## EXERCISE OBJECTIVE
For the records below, give the count of lines holding the word "real" and nothing more.

## EXERCISE INPUT

·····

lemma pnorm_iterate_lower_bound:
  fixes w :: "nat \<Rightarrow> real^'d" and m :: "real^'d"
  assumes p: "p > 1" and q: "q > 1" and pq: "1/p + 1/q = 1"
    and n: "n > 0" and labels: "\<forall>i<n. y i \<in> {-1, 1}" and bounded: "\<forall>i<n. pnorm q (x i) \<le> C"
    and \<eta>: "\<eta> > 0" and C: "C > 0"
    and m: "pnorm p m \<le> 1" and margin_pos: "margin n x y m > 0"
    and telescope: "\<And>u t. bregman (psi p) (grad_psi p) u (w t) + \<eta> * real t * exp_loss n x y (w t)
                        \<le> bregman (psi p) (grad_psi p) u (w 0) + \<eta> * real t * exp_loss n x y u"
  shows "\<exists>K. \<forall>\<^sub>F t in sequentially. (1 / C) * (ln (real t) - p * ln (ln (real t))) + K \<le> pnorm p (w t)"
proof -
  obtain A where A: "A > 0"
    and loss: "\<forall>\<^sub>F t in sequentially. exp_loss n x y (w t) \<le> A * ln (real t) powr p / real t"
    using exp_loss_iterate_le[OF p n \<eta> m margin_pos telescope] by blast
  have "\<forall>\<^sub>F t in sequentially. exp (- C * pnorm p (w t)) \<le> (real n * A) * ln (real t) powr p / real t"
    using loss
  proof (rule eventually_mono)
    fix t assume loss_t: "exp_loss n x y (w t) \<le> A * ln (real t) powr p / real t"
    have "exp (- C * pnorm p (w t)) \<le> real n * exp_loss n x y (w t)"
      using exp_loss_ge_exp_pnorm[OF p q pq n labels bounded, of "w t"] n
      by (simp add: divide_le_eq mult.commute)
    also have "\<dots> \<le> real n * (A * ln (real t) powr p / real t)"
      using loss_t by (intro mult_left_mono) auto
    finally show "exp (- C * pnorm p (w t)) \<le> (real n * A) * ln (real t) powr p / real t"
      by simp
  qed
  then show ?thesis using C A n by (intro ln_lower_bound_of_exp_le) auto
qed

·····

## WRITTEN ANSWER
10